• [Problem to work on] What is needed here is an exact transcription of all the entries.

• [Data extracted from a collection]
################
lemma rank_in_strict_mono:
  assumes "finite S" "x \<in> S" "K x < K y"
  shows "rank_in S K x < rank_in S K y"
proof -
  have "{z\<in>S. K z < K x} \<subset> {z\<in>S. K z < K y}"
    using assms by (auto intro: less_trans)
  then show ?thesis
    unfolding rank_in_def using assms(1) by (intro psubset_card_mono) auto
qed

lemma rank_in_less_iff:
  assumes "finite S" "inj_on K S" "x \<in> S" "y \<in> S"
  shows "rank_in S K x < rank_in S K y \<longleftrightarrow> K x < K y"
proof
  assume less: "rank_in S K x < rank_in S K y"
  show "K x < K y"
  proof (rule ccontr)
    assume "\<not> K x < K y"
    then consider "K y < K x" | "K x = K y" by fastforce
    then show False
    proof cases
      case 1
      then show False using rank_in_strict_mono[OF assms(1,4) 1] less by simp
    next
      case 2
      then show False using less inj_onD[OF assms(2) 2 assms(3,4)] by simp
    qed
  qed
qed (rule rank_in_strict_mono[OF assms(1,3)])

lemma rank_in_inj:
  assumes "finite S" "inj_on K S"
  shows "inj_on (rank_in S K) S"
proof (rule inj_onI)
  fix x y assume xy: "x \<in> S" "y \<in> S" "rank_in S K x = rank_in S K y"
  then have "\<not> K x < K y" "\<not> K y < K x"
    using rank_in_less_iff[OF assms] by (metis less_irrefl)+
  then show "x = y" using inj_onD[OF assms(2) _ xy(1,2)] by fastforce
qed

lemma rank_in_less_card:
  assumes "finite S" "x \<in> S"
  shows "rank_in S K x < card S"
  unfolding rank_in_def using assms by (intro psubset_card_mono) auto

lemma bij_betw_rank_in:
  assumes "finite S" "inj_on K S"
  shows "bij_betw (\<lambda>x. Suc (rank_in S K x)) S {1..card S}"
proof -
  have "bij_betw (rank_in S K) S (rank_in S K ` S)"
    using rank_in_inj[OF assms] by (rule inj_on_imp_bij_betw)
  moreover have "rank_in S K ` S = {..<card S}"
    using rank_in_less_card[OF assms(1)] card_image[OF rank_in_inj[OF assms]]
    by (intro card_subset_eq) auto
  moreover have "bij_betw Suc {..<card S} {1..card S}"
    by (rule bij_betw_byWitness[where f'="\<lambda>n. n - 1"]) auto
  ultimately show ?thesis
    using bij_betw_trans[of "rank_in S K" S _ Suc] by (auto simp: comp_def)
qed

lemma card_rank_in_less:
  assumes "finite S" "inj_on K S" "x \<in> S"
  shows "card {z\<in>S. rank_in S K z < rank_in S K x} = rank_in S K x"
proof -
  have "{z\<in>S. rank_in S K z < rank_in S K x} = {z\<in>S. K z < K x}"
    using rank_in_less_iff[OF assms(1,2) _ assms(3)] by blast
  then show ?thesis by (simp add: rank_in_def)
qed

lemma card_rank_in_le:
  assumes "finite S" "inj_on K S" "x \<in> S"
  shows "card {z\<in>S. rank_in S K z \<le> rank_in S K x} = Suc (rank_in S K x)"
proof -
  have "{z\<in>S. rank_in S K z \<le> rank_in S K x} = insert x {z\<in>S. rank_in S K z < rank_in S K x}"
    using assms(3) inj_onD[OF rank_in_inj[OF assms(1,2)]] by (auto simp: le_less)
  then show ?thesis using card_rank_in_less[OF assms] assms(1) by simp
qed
################
• [Reply to the exercise]
lemma rank_in_strict_mono:
  assumes "finite S" "x \<in> S" "K x < K y"
  shows "rank_in S K x < rank_in S K y"
proof -
  have "{z\<in>S. K z < K x} \<subset> {z\<in>S. K z < K y}"
    using assms by (auto intro: less_trans)
  then show ?thesis
    unfolding rank_in_def using assms(1) by (intro psubset_card_mono) auto
qed

lemma rank_in_less_iff:
  assumes "finite S" "inj_on K S" "x \<in> S" "y \<in> S"
  shows "rank_in S K x < rank_in S K y \<longleftrightarrow> K x < K y"
proof
  assume less: "rank_in S K x < rank_in S K y"
  show "K x < K y"
  proof (rule ccontr)
    assume "\<not> K x < K y"
    then consider "K y < K x" | "K x = K y" by fastforce
    then show False
    proof cases
      case 1
      then show False using rank_in_strict_mono[OF assms(1,4) 1] less by simp
    next
      case 2
      then show False using less inj_onD[OF assms(2) 2 assms(3,4)] by simp
    qed
  qed
qed (rule rank_in_strict_mono[OF assms(1,3)])

lemma rank_in_inj:
  assumes "finite S" "inj_on K S"
  shows "inj_on (rank_in S K) S"
proof (rule inj_onI)
  fix x y assume xy: "x \<in> S" "y \<in> S" "rank_in S K x = rank_in S K y"
  then have "\<not> K x < K y" "\<not> K y < K x"
    using rank_in_less_iff[OF assms] by (metis less_irrefl)+
  then show "x = y" using inj_onD[OF assms(2) _ xy(1,2)] by fastforce
qed

lemma rank_in_less_card:
  assumes "finite S" "x \<in> S"
  shows "rank_in S K x < card S"
  unfolding rank_in_def using assms by (intro psubset_card_mono) auto

lemma bij_betw_rank_in:
  assumes "finite S" "inj_on K S"
  shows "bij_betw (\<lambda>x. Suc (rank_in S K x)) S {1..card S}"
proof -
  have "bij_betw (rank_in S K) S (rank_in S K ` S)"
    using rank_in_inj[OF assms] by (rule inj_on_imp_bij_betw)
  moreover have "rank_in S K ` S = {..<card S}"
    using rank_in_less_card[OF assms(1)] card_image[OF rank_in_inj[OF assms]]
    by (intro card_subset_eq) auto
  moreover have "bij_betw Suc {..<card S} {1..card S}"
    by (rule bij_betw_byWitness[where f'="\<lambda>n. n - 1"]) auto
  ultimately show ?thesis
    using bij_betw_trans[of "rank_in S K" S _ Suc] by (auto simp: comp_def)
qed

lemma card_rank_in_less:
  assumes "finite S" "inj_on K S" "x \<in> S"
  shows "card {z\<in>S. rank_in S K z < rank_in S K x} = rank_in S K x"
proof -
  have "{z\<in>S. rank_in S K z < rank_in S K x} = {z\<in>S. K z < K x}"
    using rank_in_less_iff[OF assms(1,2) _ assms(3)] by blast
  then show ?thesis by (simp add: rank_in_def)
qed

lemma card_rank_in_le:
  assumes "finite S" "inj_on K S" "x \<in> S"
  shows "card {z\<in>S. rank_in S K z \<le> rank_in S K x} = Suc (rank_in S K x)"
proof -
  have "{z\<in>S. rank_in S K z \<le> rank_in S K x} = insert x {z\<in>S. rank_in S K z < rank_in S K x}"
    using assms(3) inj_onD[OF rank_in_inj[OF assms(1,2)]] by (auto simp: le_less)
  then show ?thesis using card_rank_in_less[OF assms] assms(1) by simp
qed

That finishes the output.